(* Let $X=\bigcup_{\alpha\in\Lambda}X_\alpha$, where each $X_\alpha$ is a closed locally Menger subspace of $X$ and the family $\{X_\alpha:\alpha\in\Lambda\}$ is locally finite in $X$. Then $X$ is locally Menger.
   Context: A space $X$ is Menger if for each sequence $(\mathcal{U}_n)$ of open covers of $X$ there is a sequence $(\mathcal{V}_n)$ with each $\mathcal{V}_n$ a finite subset of $\mathcal{U}_n$ and $\bigcup_{n}\bigcup\mathcal{V}_n=X$. A space $X$ is locally Menger if for each $x\in X$ there exist an open set $U$ and a Menger subspace $Y$ of $X$ with $x\in U\subseteq Y$. *)

theory Defs
  imports "HOL-Analysis.Analysis"
begin

definition Menger_space :: "'a topology \<Rightarrow> bool" where
  "Menger_space X \<longleftrightarrow>
     (\<forall>\<U> :: nat \<Rightarrow> 'a set set.
        (\<forall>n. (\<forall>U \<in> \<U> n. openin X U) \<and> topspace X \<subseteq> \<Union>(\<U> n)) \<longrightarrow>
        (\<exists>\<V> :: nat \<Rightarrow> 'a set set.
           (\<forall>n. finite (\<V> n) \<and> \<V> n \<subseteq> \<U> n) \<and>
           topspace X \<subseteq> (\<Union>n. \<Union>(\<V> n))))"

definition locally_Menger :: "'a topology \<Rightarrow> bool" where
  "locally_Menger X \<longleftrightarrow>
     (\<forall>x \<in> topspace X. \<exists>U Y. openin X U \<and> x \<in> U \<and> U \<subseteq> Y \<and>
        Y \<subseteq> topspace X \<and> Menger_space (subtopology X Y))"

end

theory Submission
  imports Defs
begin

(* A subspace is Menger iff every sequence of covers of it by open sets of the ambient space
  admits finite selections covering it; in this form Menger subspaces are visibly closed under
  finite unions. Given x, a neighbourhood meeting only finitely many X_\<alpha> can be shrunk, by
  removing the finitely many closed X_\<alpha> that miss x, to one that meets only the X_\<alpha> containing x.
  Intersecting it with neighbourhoods of x witnessing local Mengerness of these finitely many X_\<alpha>
  yields an open set inside a finite union of Menger subspaces. *)

lemma Menger_space_empty: "topspace X = {} \<Longrightarrow> Menger_space X"
  unfolding Menger_space_def by (intro allI impI exI[of _ "\<lambda>n. {}"]) auto

lemma Menger_space_subtopologyD:
  fixes X :: "'a topology" and \<U> :: "nat \<Rightarrow> 'a set set"
  assumes "Menger_space (subtopology X A)"
    and open_\<U>: "\<And>n. \<forall>U \<in> \<U> n. openin X U" and cover_\<U>: "\<And>n. topspace X \<inter> A \<subseteq> \<Union>(\<U> n)"
  obtains \<V> where "\<And>n. finite (\<V> n)" "\<And>n. \<V> n \<subseteq> \<U> n" "topspace X \<inter> A \<subseteq> (\<Union>n. \<Union>(\<V> n))"
proof -
  define \<U>A where "\<U>A n = (\<lambda>U. U \<inter> A) ` \<U> n" for n
  have "\<forall>n. (\<forall>U \<in> \<U>A n. openin (subtopology X A) U) \<and> topspace (subtopology X A) \<subseteq> \<Union>(\<U>A n)"
  proof
    fix n
    have "\<forall>U \<in> \<U>A n. openin (subtopology X A) U"
      using open_\<U> by (auto simp: \<U>A_def openin_subtopology_Int)
    moreover have "topspace (subtopology X A) \<subseteq> \<Union>(\<U>A n)"
      using cover_\<U>[of n] unfolding \<U>A_def by fastforce
    ultimately show "(\<forall>U \<in> \<U>A n. openin (subtopology X A) U) \<and> topspace (subtopology X A) \<subseteq> \<Union>(\<U>A n)" ..
  qed
  from assms(1)[unfolded Menger_space_def, THEN spec, THEN mp, OF this]
  obtain \<V> where \<V>: "\<And>n. finite (\<V> n) \<and> \<V> n \<subseteq> \<U>A n"
    and cov: "topspace (subtopology X A) \<subseteq> (\<Union>n. \<Union>(\<V> n))"
    by blast
  have "\<forall>n. \<exists>\<W>. \<W> \<subseteq> \<U> n \<and> finite \<W> \<and> \<V> n = (\<lambda>U. U \<inter> A) ` \<W>"
    using \<V> unfolding \<U>A_def by (meson finite_subset_image)
  then obtain \<W> where \<W>: "\<And>n. \<W> n \<subseteq> \<U> n \<and> finite (\<W> n) \<and> \<V> n = (\<lambda>U. U \<inter> A) ` \<W> n"
    by metis
  have "topspace X \<inter> A \<subseteq> (\<Union>n. \<Union>(\<W> n))"
  proof
    fix y assume "y \<in> topspace X \<inter> A"
    with cov obtain n V where "V \<in> \<V> n" "y \<in> V"
      by auto
    with \<W>[of n] show "y \<in> (\<Union>n. \<Union>(\<W> n))"
      by blast
  qed
  with \<W> show thesis
    using that[of \<W>] by blast
qed

lemma Menger_space_subtopologyI:
  fixes X :: "'a topology"
  assumes "\<And>\<U> :: nat \<Rightarrow> 'a set set. (\<And>n. \<forall>U \<in> \<U> n. openin X U) \<Longrightarrow> (\<And>n. topspace X \<inter> A \<subseteq> \<Union>(\<U> n)) \<Longrightarrow>
      \<exists>\<V>. (\<forall>n. finite (\<V> n) \<and> \<V> n \<subseteq> \<U> n) \<and> topspace X \<inter> A \<subseteq> (\<Union>n. \<Union>(\<V> n))"
  shows "Menger_space (subtopology X A)"
  unfolding Menger_space_def
proof (intro allI impI)
  fix \<U> :: "nat \<Rightarrow> 'a set set"
  assume \<U>: "\<forall>n. (\<forall>U \<in> \<U> n. openin (subtopology X A) U) \<and> topspace (subtopology X A) \<subseteq> \<Union>(\<U> n)"
  define \<U>X where "\<U>X n = {T. openin X T \<and> T \<inter> A \<in> \<U> n}" for n
  have open_\<U>X: "\<forall>T \<in> \<U>X n. openin X T" for n
    by (simp add: \<U>X_def)
  have cover_\<U>X: "topspace X \<inter> A \<subseteq> \<Union>(\<U>X n)" for n
  proof
    fix y assume "y \<in> topspace X \<inter> A"
    then have "y \<in> topspace (subtopology X A)" by simp
    then obtain U where "U \<in> \<U> n" "y \<in> U" using \<U> by blast
    moreover obtain T where "openin X T" "U = T \<inter> A"
      using \<U> \<open>U \<in> \<U> n\<close> by (meson openin_subtopology)
    ultimately show "y \<in> \<Union>(\<U>X n)" by (auto simp: \<U>X_def)
  qed
  have "\<exists>\<W>. (\<forall>n. finite (\<W> n) \<and> \<W> n \<subseteq> \<U>X n) \<and> topspace X \<inter> A \<subseteq> (\<Union>n. \<Union>(\<W> n))"
    using open_\<U>X cover_\<U>X by (rule assms)
  then obtain \<W> where \<W>: "\<forall>n. finite (\<W> n) \<and> \<W> n \<subseteq> \<U>X n"
    and cov: "topspace X \<inter> A \<subseteq> (\<Union>n. \<Union>(\<W> n))"
    by blast
  show "\<exists>\<V>. (\<forall>n. finite (\<V> n) \<and> \<V> n \<subseteq> \<U> n) \<and> topspace (subtopology X A) \<subseteq> (\<Union>n. \<Union>(\<V> n))"
  proof (intro exI[of _ "\<lambda>n. (\<lambda>T. T \<inter> A) ` \<W> n"] conjI allI)
    fix n
    show "finite ((\<lambda>T. T \<inter> A) ` \<W> n)" "(\<lambda>T. T \<inter> A) ` \<W> n \<subseteq> \<U> n"
      using \<W> by (auto simp: \<U>X_def)
  next
    show "topspace (subtopology X A) \<subseteq> (\<Union>n. \<Union>((\<lambda>T. T \<inter> A) ` \<W> n))"
      using cov by auto
  qed
qed

lemma Menger_space_subtopology_Un:
  assumes MA: "Menger_space (subtopology X A)" and MB: "Menger_space (subtopology X B)"
  shows "Menger_space (subtopology X (A \<union> B))"
proof (rule Menger_space_subtopologyI)
  fix \<U> :: "nat \<Rightarrow> 'a set set"
  assume open_\<U>: "\<And>n. \<forall>U \<in> \<U> n. openin X U"
    and cover_\<U>: "\<And>n. topspace X \<inter> (A \<union> B) \<subseteq> \<Union>(\<U> n)"
  have cover_A: "topspace X \<inter> A \<subseteq> \<Union>(\<U> n)" and cover_B: "topspace X \<inter> B \<subseteq> \<Union>(\<U> n)" for n
    using cover_\<U>[of n] by (simp_all add: Int_Un_distrib)
  obtain \<V>A where \<V>A: "\<And>n. finite (\<V>A n)" "\<And>n. \<V>A n \<subseteq> \<U> n"
    "topspace X \<inter> A \<subseteq> (\<Union>n. \<Union>(\<V>A n))"
    by (rule Menger_space_subtopologyD[OF MA open_\<U> cover_A]) (rule that)
  obtain \<V>B where \<V>B: "\<And>n. finite (\<V>B n)" "\<And>n. \<V>B n \<subseteq> \<U> n"
    "topspace X \<inter> B \<subseteq> (\<Union>n. \<Union>(\<V>B n))"
    by (rule Menger_space_subtopologyD[OF MB open_\<U> cover_B]) (rule that)
  have "topspace X \<inter> (A \<union> B) = (topspace X \<inter> A) \<union> (topspace X \<inter> B)"
    by (rule Int_Un_distrib)
  also have "\<dots> \<subseteq> (\<Union>n. \<Union>(\<V>A n)) \<union> (\<Union>n. \<Union>(\<V>B n))"
    using \<V>A(3) \<V>B(3) by (rule Un_mono)
  also have "\<dots> = (\<Union>n. \<Union>(\<V>A n \<union> \<V>B n))"
    by auto
  finally have "topspace X \<inter> (A \<union> B) \<subseteq> (\<Union>n. \<Union>(\<V>A n \<union> \<V>B n))" .
  moreover have "\<forall>n. finite (\<V>A n \<union> \<V>B n) \<and> \<V>A n \<union> \<V>B n \<subseteq> \<U> n"
    using \<V>A(1,2) \<V>B(1,2) by simp
  ultimately show "\<exists>\<V>. (\<forall>n. finite (\<V> n) \<and> \<V> n \<subseteq> \<U> n) \<and> topspace X \<inter> (A \<union> B) \<subseteq> (\<Union>n. \<Union>(\<V> n))"
    by (intro exI[of _ "\<lambda>n. \<V>A n \<union> \<V>B n"] conjI)
qed

lemma Menger_space_subtopology_UN:
  assumes "finite I" and "\<And>i. i \<in> I \<Longrightarrow> Menger_space (subtopology X (Y i))"
  shows "Menger_space (subtopology X (\<Union>i\<in>I. Y i))"
  using assms
proof (induction I rule: finite_induct)
  case empty
  then show ?case by (simp add: Menger_space_empty)
next
  case (insert i I)
  then show ?case by (simp add: Menger_space_subtopology_Un)
qed

lemma locally_Menger_subtopologyD:
  assumes "locally_Menger (subtopology X S)" and "x \<in> topspace X" and "x \<in> S"
  obtains W Y where "openin X W" "x \<in> W" "W \<inter> S \<subseteq> Y" "Y \<subseteq> topspace X \<inter> S"
    "Menger_space (subtopology X Y)"
proof -
  have "x \<in> topspace (subtopology X S)"
    using assms(2,3) by simp
  with assms(1) have "\<exists>U Y. openin (subtopology X S) U \<and> x \<in> U \<and> U \<subseteq> Y \<and>
      Y \<subseteq> topspace (subtopology X S) \<and> Menger_space (subtopology (subtopology X S) Y)"
    unfolding locally_Menger_def by (rule bspec)
  then obtain U Y where U: "openin (subtopology X S) U" "x \<in> U" "U \<subseteq> Y"
    and Y: "Y \<subseteq> topspace (subtopology X S)" "Menger_space (subtopology (subtopology X S) Y)"
    by blast
  obtain W where W: "openin X W" "U = W \<inter> S"
    using U(1) by (meson openin_subtopology)
  have "Y \<subseteq> topspace X \<inter> S"
    using Y(1) by simp
  then have "S \<inter> Y = Y"
    by blast
  then have "subtopology (subtopology X S) Y = subtopology X Y"
    by (simp add: subtopology_subtopology)
  with Y(2) have "Menger_space (subtopology X Y)"
    by simp
  moreover have "x \<in> W" "W \<inter> S \<subseteq> Y"
    using U(2,3) W(2) by auto
  ultimately show thesis
    using that W(1) \<open>Y \<subseteq> topspace X \<inter> S\<close> by simp
qed

lemma locally_finite_closed_family_nbhd:
  assumes closed: "\<And>\<alpha>. \<alpha> \<in> \<Lambda> \<Longrightarrow> closedin X (Xs \<alpha>)"
    and locfin: "openin X V" "x \<in> V" "finite {\<alpha> \<in> \<Lambda>. Xs \<alpha> \<inter> V \<noteq> {}}"
  obtains W where "openin X W" "x \<in> W" "finite {\<alpha> \<in> \<Lambda>. x \<in> Xs \<alpha>}"
    "\<And>\<alpha>. \<alpha> \<in> \<Lambda> \<Longrightarrow> Xs \<alpha> \<inter> W \<noteq> {} \<Longrightarrow> x \<in> Xs \<alpha>"
proof -
  define F where "F = {\<alpha> \<in> \<Lambda>. Xs \<alpha> \<inter> V \<noteq> {} \<and> x \<notin> Xs \<alpha>}"
  define W where "W = V - \<Union>(Xs ` F)"
  have "finite F"
    using locfin(3) by (rule finite_subset[rotated]) (auto simp: F_def)
  then have "closedin X (\<Union>(Xs ` F))"
    using closed by (intro closedin_Union) (auto simp: F_def)
  then have "openin X W"
    unfolding W_def using locfin(1) by (rule openin_diff[rotated])
  moreover have "x \<in> W"
    using locfin(2) by (auto simp: W_def F_def)
  moreover have "finite {\<alpha> \<in> \<Lambda>. x \<in> Xs \<alpha>}"
    using locfin(3) by (rule finite_subset[rotated]) (use locfin(2) in blast)
  moreover have "x \<in> Xs \<alpha>" if "\<alpha> \<in> \<Lambda>" "Xs \<alpha> \<inter> W \<noteq> {}" for \<alpha>
  proof (rule ccontr)
    assume "x \<notin> Xs \<alpha>"
    with that have "\<alpha> \<in> F"
      by (auto simp: F_def W_def)
    with that(2) show False
      by (auto simp: W_def)
  qed
  ultimately show thesis
    using that by blast
qed

lemma Menger_nbhd_of_finite_locally_Menger_cover:
  assumes "openin X V" "x \<in> V" "finite I" "V \<subseteq> (\<Union>\<alpha>\<in>I. S \<alpha>)"
    and "\<And>\<alpha>. \<alpha> \<in> I \<Longrightarrow> x \<in> S \<alpha>"
    and "\<And>\<alpha>. \<alpha> \<in> I \<Longrightarrow> locally_Menger (subtopology X (S \<alpha>))"
  shows "\<exists>U Y. openin X U \<and> x \<in> U \<and> U \<subseteq> Y \<and> Y \<subseteq> topspace X \<and> Menger_space (subtopology X Y)"
proof -
  have "\<forall>\<alpha>\<in>I. \<exists>W Y. openin X W \<and> x \<in> W \<and> W \<inter> S \<alpha> \<subseteq> Y \<and> Y \<subseteq> topspace X \<inter> S \<alpha> \<and>
      Menger_space (subtopology X Y)"
  proof
    fix \<alpha> assume "\<alpha> \<in> I"
    moreover have "x \<in> topspace X"
      using assms(1,2) openin_subset by blast
    ultimately show "\<exists>W Y. openin X W \<and> x \<in> W \<and> W \<inter> S \<alpha> \<subseteq> Y \<and> Y \<subseteq> topspace X \<inter> S \<alpha> \<and>
        Menger_space (subtopology X Y)"
      by (metis assms(5,6) locally_Menger_subtopologyD)
  qed
  from bchoice[OF this] obtain W where "\<forall>\<alpha>\<in>I. \<exists>Y. openin X (W \<alpha>) \<and> x \<in> W \<alpha> \<and>
      W \<alpha> \<inter> S \<alpha> \<subseteq> Y \<and> Y \<subseteq> topspace X \<inter> S \<alpha> \<and> Menger_space (subtopology X Y)" ..
  from bchoice[OF this] obtain Y where WY: "\<forall>\<alpha>\<in>I. openin X (W \<alpha>) \<and> x \<in> W \<alpha> \<and>
      W \<alpha> \<inter> S \<alpha> \<subseteq> Y \<alpha> \<and> Y \<alpha> \<subseteq> topspace X \<inter> S \<alpha> \<and> Menger_space (subtopology X (Y \<alpha>))" ..
  define U where "U = V \<inter> ((\<Inter>\<alpha>\<in>I. W \<alpha>) \<inter> topspace X)"
  have "openin X U"
    unfolding U_def using assms(1,3) WY by (intro openin_Int openin_INT) simp_all
  moreover have "x \<in> U"
    using assms(1,2) WY openin_subset by (fastforce simp: U_def)
  moreover have "U \<subseteq> (\<Union>\<alpha>\<in>I. Y \<alpha>)"
  proof
    fix y assume y: "y \<in> U"
    then obtain \<beta> where "\<beta> \<in> I" "y \<in> S \<beta>"
      using assms(4) by (auto simp: U_def)
    moreover from y \<open>\<beta> \<in> I\<close> have "y \<in> W \<beta>"
      by (simp add: U_def)
    ultimately have "y \<in> Y \<beta>"
      using WY by blast
    with \<open>\<beta> \<in> I\<close> show "y \<in> (\<Union>\<alpha>\<in>I. Y \<alpha>)"
      by blast
  qed
  moreover have "(\<Union>\<alpha>\<in>I. Y \<alpha>) \<subseteq> topspace X"
    using WY by blast
  moreover have "Menger_space (subtopology X (\<Union>\<alpha>\<in>I. Y \<alpha>))"
    using assms(3) WY by (intro Menger_space_subtopology_UN) simp_all
  ultimately show ?thesis
    by blast
qed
────────────────
Lines from the top of the entries through the line with "removing the finitely" are to be transcribed exactly, and nothing more.

(* Let $X=\bigcup_{\alpha\in\Lambda}X_\alpha$, where each $X_\alpha$ is a closed locally Menger subspace of $X$ and the family $\{X_\alpha:\alpha\in\Lambda\}$ is locally finite in $X$. Then $X$ is locally Menger.
   Context: A space $X$ is Menger if for each sequence $(\mathcal{U}_n)$ of open covers of $X$ there is a sequence $(\mathcal{V}_n)$ with each $\mathcal{V}_n$ a finite subset of $\mathcal{U}_n$ and $\bigcup_{n}\bigcup\mathcal{V}_n=X$. A space $X$ is locally Menger if for each $x\in X$ there exist an open set $U$ and a Menger subspace $Y$ of $X$ with $x\in U\subseteq Y$. *)

theory Defs
  imports "HOL-Analysis.Analysis"
begin

definition Menger_space :: "'a topology \<Rightarrow> bool" where
  "Menger_space X \<longleftrightarrow>
     (\<forall>\<U> :: nat \<Rightarrow> 'a set set.
        (\<forall>n. (\<forall>U \<in> \<U> n. openin X U) \<and> topspace X \<subseteq> \<Union>(\<U> n)) \<longrightarrow>
        (\<exists>\<V> :: nat \<Rightarrow> 'a set set.
           (\<forall>n. finite (\<V> n) \<and> \<V> n \<subseteq> \<U> n) \<and>
           topspace X \<subseteq> (\<Union>n. \<Union>(\<V> n))))"

definition locally_Menger :: "'a topology \<Rightarrow> bool" where
  "locally_Menger X \<longleftrightarrow>
     (\<forall>x \<in> topspace X. \<exists>U Y. openin X U \<and> x \<in> U \<and> U \<subseteq> Y \<and>
        Y \<subseteq> topspace X \<and> Menger_space (subtopology X Y))"

end

theory Submission
  imports Defs
begin

(* A subspace is Menger iff every sequence of covers of it by open sets of the ambient space
  admits finite selections covering it; in this form Menger subspaces are visibly closed under
  finite unions. Given x, a neighbourhood meeting only finitely many X_\<alpha> can be shrunk, by
  removing the finitely many closed X_\<alpha> that miss x, to one that meets only the X_\<alpha> containing x.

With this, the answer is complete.